El foco principal es un jarrón de bronce ricamente decorado, rebosante de flores variadas. Se distinguen tulipanes con sus pétalos vibrantes y complejos patrones de coloración, amapolas de intenso rojo, peonías delicadamente rosadas y otras especies menos identificables que contribuyen a la densidad visual del arreglo. La paleta es rica en tonos cálidos: rojos, naranjas, amarillos y marrones, aunque se equilibran con toques de púrpura y verde oscuro en el follaje. La iluminación, proveniente de una fuente no visible, resalta los detalles de las flores, revelando la textura aterciopelada de los pétalos y la delicadeza de los tallos.
En primer plano, a un lado del jarrón, se observa una pequeña pila de uvas doradas, que aportan un elemento de opulencia y abundancia. Sin embargo, la presencia de la rana muerta, situada junto a las uvas, introduce una nota discordante.
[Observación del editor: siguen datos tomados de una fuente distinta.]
(* A semiring $(S,+,\cdot)$ is a rectangular skew-ring if and only if it is isomorphic to a direct product of a rectangular band semiring and a skew-ring.
   Context: A semiring $(S,+,\cdot)$ is an algebra with two associative binary operations such that $a(b+c)=ab+ac$ and $(b+c)a=ba+ca$ for all $a,b,c\in S$. An element $a$ is completely regular if there is $x\in S$ with $a=a+x+a$, $a+x=x+a$ and $a(a+x)=a+x$; $S$ is completely regular if all its elements are. $\mathscr{J}^+$ denotes Green's $\mathscr{J}$-relation of the semigroup $(S,+)$. A completely simple semiring is a completely regular semiring with $\mathscr{J}^+=S\times S$. $E^+(S)$ is the set of additive idempotents of $S$. A rectangular skew-ring is a completely simple semiring $S$ such that $E^+(S)$ is a subsemigroup of $(S,+)$. A skew-ring is a semiring whose additive reduct is a (not necessarily commutative) group. A rectangular band semiring is a semiring in which $(S,\cdot)$ is a band and $(S,+)$ is a rectangular band (i.e. $a=a+x+a$ for all $a,x\in S$). Direct products of semirings carry componentwise operations. *)

theory Defs
  imports Main
begin

record 'a srng =
  scar :: "'a set"
  sadd :: "'a \<Rightarrow> 'a \<Rightarrow> 'a"
  smul :: "'a \<Rightarrow> 'a \<Rightarrow> 'a"

definition semiring :: "'a srng \<Rightarrow> bool" where
  "semiring S \<longleftrightarrow>
     (\<forall>a\<in>scar S. \<forall>b\<in>scar S. sadd S a b \<in> scar S \<and> smul S a b \<in> scar S) \<and>
     (\<forall>a\<in>scar S. \<forall>b\<in>scar S. \<forall>c\<in>scar S.
        sadd S (sadd S a b) c = sadd S a (sadd S b c) \<and>
        smul S (smul S a b) c = smul S a (smul S b c) \<and>
        smul S a (sadd S b c) = sadd S (smul S a b) (smul S a c) \<and>
        smul S (sadd S b c) a = sadd S (smul S b a) (smul S c a))"

definition completely_regular_elem :: "'a srng \<Rightarrow> 'a \<Rightarrow> bool" where
  "completely_regular_elem S a \<longleftrightarrow>
     (\<exists>x\<in>scar S. a = sadd S (sadd S a x) a \<and> sadd S a x = sadd S x a \<and>
                 smul S a (sadd S a x) = sadd S a x)"

definition completely_regular :: "'a srng \<Rightarrow> bool" where
  "completely_regular S \<longleftrightarrow> semiring S \<and> (\<forall>a\<in>scar S. completely_regular_elem S a)"

text \<open>Principal two-sided ideal of a in the semigroup (S,+), i.e. S^1 + a + S^1.\<close>
definition add_ideal :: "'a srng \<Rightarrow> 'a \<Rightarrow> 'a set" where
  "add_ideal S a = {a} \<union> {sadd S x a | x. x \<in> scar S} \<union> {sadd S a y | y. y \<in> scar S}
      \<union> {sadd S (sadd S x a) y | x y. x \<in> scar S \<and> y \<in> scar S}"
lemma small_powr_window:
  fixes d c C \<epsilon> :: real
  assumes d: "0 < d" and c: "0 < c" and C: "0 \<le> C" and \<epsilon>: "0 < \<epsilon>"
  shows "\<exists>\<epsilon>'. 0 < \<epsilon>' \<and> \<epsilon>' \<le> \<epsilon> \<and>
           (\<forall>t. 0 < t \<and> t < \<epsilon>' \<longrightarrow> t powr d < c \<and> C * t powr d < 1)"
proof -
  define m where "m = min c (1 / (C + 1))"
  have m: "0 < m" "m \<le> c" "C * m < 1"
    using c C by (auto simp: m_def min_def field_simps)
  have "t powr d < c \<and> C * t powr d < 1" if t: "0 < t" "t < m powr (1 / d)" for t
  proof -
    have "t powr d < (m powr (1 / d)) powr d"
      using t d by (intro powr_less_mono2) auto
    also have "\<dots> = m"
      using d m(1) by (simp add: powr_powr)
    finally have "t powr d < m" .
    moreover from this have "C * t powr d \<le> C * m"
      using C by (simp add: mult_left_mono)
    ultimately show ?thesis
      using m by linarith
  qed
  with \<epsilon> m(1) show ?thesis
    by (intro exI[of _ "min \<epsilon> (m powr (1 / d))"]) auto
qed

lemma sliver_snoc_mem:
  assumes sl: "sliver S k \<epsilon> p q"
    and between: "\<And>y v. y \<in> S \<Longrightarrow> a y < v \<Longrightarrow> v < b y \<Longrightarrow> y @ [v] \<in> P"
    and t: "0 < t" "t < \<epsilon>" and s: "in_box k p q s"
    and b_lower: "cb * t powr curve_exponent gb s \<le> b (sliver_point t s)"
    and a_upper: "a (sliver_point t s) \<le> Ca * t powr curve_exponent ga s"
    and d: "0 < d" and small: "t powr d < cb" "Ca * t powr d < 1" and Ca: "0 \<le> Ca"
    and gaps: "curve_exponent gb s + d \<le> z" "z + d \<le> curve_exponent ga s"
  shows "sliver_point t (s @ [z]) \<in> P"
proof -
  have "t < 1" "sliver_point t s \<in> S"
    using sl t s by (simp_all add: sliver_def)
  moreover from powr_strictly_between[OF t(1) \<open>t < 1\<close> d small Ca gaps b_lower a_upper]
  have "a (sliver_point t s) < t powr z" "t powr z < b (sliver_point t s)"
    by simp_all
  ultimately show ?thesis
    using between by (simp add: sliver_point_snoc)
qed
lemma one_step:
  assumes k: "k \<in> {1..N}"
  shows "\<gamma> k * gap k \<le> (1 - a k) * bregman \<omega> d\<omega> (x k) xstar - bregman \<omega> d\<omega> (x (Suc k)) xstar
           + (\<gamma> k)\<^sup>2 / 2 * (subgrad_bound k)\<^sup>2"
proof -
  have xk: "x k \<in> X" and dk: "\<delta> k \<in> \<Delta>" using k iterate_in \<delta>_in by auto
  note step_bound = prox_step_strongly_convex[OF X_convex X_compact xk xstar_in \<omega>_deriv \<omega>_sc
      \<gamma>_pos[OF k] _ L_pos _ _ V_bound[OF xk xstar_in]]
  show ?thesis
  proof (cases "productive k")
    case True
    have "\<gamma> k * (f (x k) - f xstar) \<le> (1 - \<mu>f * \<gamma> k / L) * bregman \<omega> d\<omega> (x k) xstar
        - bregman \<omega> d\<omega> (prox \<omega> d\<omega> X (x k) (\<gamma> k *\<^sub>R f' (x k))) xstar + (\<gamma> k)\<^sup>2 / 2 * Lf\<^sup>2"
      using \<mu>f_pos f_sc[OF xstar_in xk] f'_bound[OF xk] by (intro step_bound) auto
    with True show ?thesis
      unfolding gap_def subgrad_bound_def a_def step[OF k] productive_def by simp
  next
    case False
    have "\<gamma> k * (g (x k) (\<delta> k) - g xstar (\<delta> k)) \<le> (1 - \<mu>g * \<gamma> k / L) * bregman \<omega> d\<omega> (x k) xstar
        - bregman \<omega> d\<omega> (prox \<omega> d\<omega> X (x k) (\<gamma> k *\<^sub>R g' (x k) (\<delta> k))) xstar + (\<gamma> k)\<^sup>2 / 2 * LgX\<^sup>2"
      using \<mu>g_pos g_sc[OF xstar_in xk dk] g'_bound[OF xk dk]
      by (intro step_bound[where \<phi> = "\<lambda>y. g y (\<delta> k)"]) auto
    with False show ?thesis
      unfolding gap_def subgrad_bound_def a_def step[OF k] productive_def by simp
  qed
qed

lemma weighted_gap_sum_le:
  assumes s: "1 \<le> s" "s \<le> N"
    and A_pos: "\<And>k. k \<in> {1..N} \<Longrightarrow> 0 < A k" and a_le_1: "\<And>k. k \<in> {1..N} \<Longrightarrow> a k \<le> 1"
  shows "(\<Sum>k=s..N. \<rho> k * gap k)
           \<le> (1 - a s) * (DX \<omega> d\<omega> X)\<^sup>2 / A s + (\<Sum>k=s..N. 1/2 * (\<rho> k * \<gamma> k * (subgrad_bound k)\<^sup>2))"
proof -
  have "(\<Sum>k=s..N. \<rho> k * gap k) \<le> (1 - a s) * bregman \<omega> d\<omega> (x s) xstar / A s
      + (\<Sum>k=s..N. (\<gamma> k)\<^sup>2 / 2 * (subgrad_bound k)\<^sup>2 / A k)"
    unfolding \<rho>_def
  proof (rule weighted_descent_sum[OF s(2)])
    show "k \<in> {s..N} \<Longrightarrow> \<gamma> k * gap k \<le> (1 - a k) * bregman \<omega> d\<omega> (x k) xstar
        - bregman \<omega> d\<omega> (x (Suc k)) xstar + (\<gamma> k)\<^sup>2 / 2 * (subgrad_bound k)\<^sup>2" for k
      using one_step s by simp
    show "k \<in> {Suc s..N} \<Longrightarrow> A k = A (k - 1) * (1 - a k)" for k
      unfolding A_def using s by (cases k) (auto simp: prod.cl_ivl_Suc)
    show "k \<in> {s..N} \<Longrightarrow> 0 < A k" for k using A_pos s by auto
    have "1/2 * (norm (xstar - x (Suc N)))\<^sup>2 \<le> bregman \<omega> d\<omega> (x (Suc N)) xstar"
      using iterate_in N_pos xstar_in \<omega>_deriv
      by (intro bregman_ge_half_sq_dist[OF X_convex _ _ _ \<omega>_sc]) auto
    then show "0 \<le> bregman \<omega> d\<omega> (x (Suc N)) xstar"
      using zero_le_power2[of "norm (xstar - x (Suc N))"] by linarith
  qed
  moreover have "bregman \<omega> d\<omega> (x s) xstar \<le> (DX \<omega> d\<omega> X)\<^sup>2"
    using iterate_in s xstar_in V_bound by (intro bregman_le_DX_sq[OF X_compact, where C = "L / 2"]) auto
  then have "(1 - a s) * bregman \<omega> d\<omega> (x s) xstar / A s \<le> (1 - a s) * (DX \<omega> d\<omega> X)\<^sup>2 / A s"
    using a_le_1[of s] A_pos[of s] s by (intro divide_right_mono mult_left_mono) auto
  moreover have "(\<Sum>k=s..N. (\<gamma> k)\<^sup>2 / 2 * (subgrad_bound k)\<^sup>2 / A k)
      = (\<Sum>k=s..N. 1/2 * (\<rho> k * \<gamma> k * (subgrad_bound k)\<^sup>2))"
    by (intro sum.cong) (simp_all add: \<rho>_def power2_eq_square)
  ultimately show ?thesis by linarith
qed
(* Let $m\ge 1$, let $\mathbb{U},\mathbb{V},\mathbb{W}$ be finite-dimensional inner product spaces, and let $$\mathcal{P}=\sum_{|\alpha|\le m} A_\alpha(x)D^\alpha:\mathcal{D}'(\mathbb{R}^n,\mathbb{U})\to\mathcal{D}'(\mathbb{R}^n,\mathbb{V}),\qquad \mathcal{Q}=\sum_{|\beta|\le m} B_\beta(x)D^\beta:\mathcal{D}'(\mathbb{R}^n,\mathbb{V})\to\mathcal{D}'(\mathbb{R}^n,\mathbb{W})$$ be differential operators of order $m$ whose coefficients $A_\alpha:\mathbb{R}^n\to\mathrm{Hom}(\mathbb{U},\mathbb{V})$ and $B_\beta:\mathbb{R}^n\to\mathrm{Hom}(\mathbb{V},\mathbb{W})$ are continuous. Write $\mathcal{P}_m(x,\xi)=\sum_{|\alpha|=m}A_\alpha(x)\xi^\alpha$ and $\mathcal{Q}_m(x,\xi)=\sum_{|\beta|=m}B_\beta(x)\xi^\beta$ for the principal symbols. Then the sequence $\mathcal{D}'(\mathbb{R}^n,\mathbb{U})\xrightarrow{\mathcal{P}}\mathcal{D}'(\mathbb{R}^n,\mathbb{V})\xrightarrow{\mathcal{Q}}\mathcal{D}'(\mathbb{R}^n,\mathbb{W})$ is an elliptic complex (of order $m$) if and only if all of the following hold: (i) $\mathcal{Q}\mathcal{P}=0$; (ii) the sequence $\mathbb{U}\xrightarrow{\mathcal{P}_m(y,\zeta)}\mathbb{V}\xrightarrow{\mathcal{Q}_m(y,\zeta)}\mathbb{W}$ is exact (at $\mathbb{V}$) for some $y\in\mathbb{R}^n$ and some $\zeta\in\mathbb{R}^n\setminus\{0\}$; (iii) for each multi-index $\gamma$ with $|\gamma|=2m$ and each $x$, $\sum_{\alpha+\beta=\gamma,\ |\alpha|=|\beta|=m} B_\beta(x)A_\alpha(x)=0$ as operators from $\mathbb{U}$ to $\mathbb{W}$; (iv) the matrix $\mathcal{P}_m(x,\xi)$ has constant rank for all $x\in\mathbb{R}^n$ and all $\xi\neq 0$; (v) the matrix $\mathcal{Q}_m(x,\xi)$ has constant rank for all $x\in\mathbb{R}^n$ and all $\xi\neq 0$.
   Context: $\mathcal{D}'(\mathbb{R}^n,\mathbb{U})$ denotes $\mathbb{U}$-valued distributions on $\mathbb{R}^n$; $D^\alpha$ is the partial derivative of multi-index $\alpha$ and $\xi^\alpha=\prod_i\xi_i^{\alpha_i}$. Definition: the sequence $\mathcal{D}'(\mathbb{R}^n,\mathbb{U})\xrightarrow{\mathcal{P}}\mathcal{D}'(\mathbb{R}^n,\mathbb{V})\xrightarrow{\mathcal{Q}}\mathcal{D}'(\mathbb{R}^n,\mathbb{W})$ of order-$m$ operators is an elliptic complex of order $m$ if $\mathcal{Q}\mathcal{P}=0$ and the symbol complex $\mathbb{U}\xrightarrow{\mathcal{P}_m(x,\xi)}\mathbb{V}\xrightarrow{\mathcal{Q}_m(x,\xi)}\mathbb{W}$ is exact at $\mathbb{V}$ (i.e. $\operatorname{im}\mathcal{P}_m(x,\xi)=\ker\mathcal{Q}_m(x,\xi)$) for every $x\in\mathbb{R}^n$ and every $\xi\in\mathbb{R}^n\setminus\{0\}$. *)

theory Defs
  imports "HOL-Analysis.Analysis"
begin
(* Let $G=\langle S_k\mid K\rangle$ be a finitely generated semigroup as described in the context, $\mathcal{A}$ a finite alphabet and $X\subseteq\mathcal{A}^G$ a tree shift. If $K$ is primitive, then for every $1\le i\le k$ the limit $\lim_{n\to\infty}\log p^{(s_i)}_n/|\bar{\Delta}^{(s_i)}_n|$ exists and \[\lim_{n\to\infty}\frac{\log p^{(s_i)}_n}{|\bar{\Delta}^{(s_i)}_n|}=\inf_{n\ge0}\max_{1\le j\le k}\frac{\log p^{(s_j)}_n}{|\bar{\Delta}^{(s_j)}_n|}.\]
   Context: Let $K$ be a $k\times k$ matrix with entries in $\{0,1\}$ indexed by $S_k=\{s_1,\dots,s_k\}$, and let $G=\langle S_k\mid K\rangle$ be the semigroup generated by $S_k$ subject to the relations $s_is_j=1_G$ if and only if $K(s_i,s_j)=0$ ($1_G$ the identity). Every $g\in G$ has a unique minimal representation $g=g_1g_2\cdots g_n$ with $g_l\in S_k$ and $K(g_l,g_{l+1})=1$; its length is $|g|=n$ (with $|1_G|=0$). For $g\in G$ and $n\ge0$ the $n$-semiball at $g$ is $\bar{\Delta}^{(g)}_n=\{gh: h\in G,\ |h|\le n,\ |gh|=|g|+|h|\}$. For a finite alphabet $\mathcal{A}$, a pattern is a map $u:H\to\mathcal{A}$ with $H\subset G$ finite; $u$ is accepted by $t\in\mathcal{A}^G$ if there is $g\in G$ with $t_{gh}=u_h$ for all $h\in H$. A tree shift is a subset $X\subseteq\mathcal{A}^G$ consisting of all $t$ that accept no pattern from some fixed set $\mathcal{F}$ of patterns. $p^{(g)}_n$ denotes the number of patterns $u\in\mathcal{A}^{\bar{\Delta}^{(g)}_n}$ accepted by some $t\in X$. A nonnegative square matrix is primitive if some power of it has all entries positive. *)

theory Defs
  imports Complex_Main "HOL-Library.FuncSet"
begin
Su posición, realista y detallada, contrasta con la idealización de las flores. La piel lisa y húmeda de la rana, su postura inerte, sugieren fragilidad y transitoriedad.
La yuxtaposición de vida y muerte es el subtexto más evidente en esta obra. Las flores, símbolo tradicional de belleza, juventud y prosperidad, se ven acompañadas por un recordatorio sombrío de la mortalidad. La rana, como animal asociado a la transformación y al ciclo vital, acentúa aún más este tema. Podría interpretarse como una memento mori, una reflexión sobre la fugacidad de la existencia y la inevitabilidad del declive.
La composición, aunque aparentemente sencilla, esconde una complejidad conceptual que invita a la contemplación. El bodegón no se limita a ser una representación de objetos inanimados; es una meditación sobre la vida, la muerte y el paso del tiempo, expresada a través de un lenguaje visual rico en simbolismo. La habilidad técnica del artista para representar tanto la belleza efímera de las flores como la crudeza de la muerte es notable, creando una obra que resulta a la vez atractiva y perturbadora.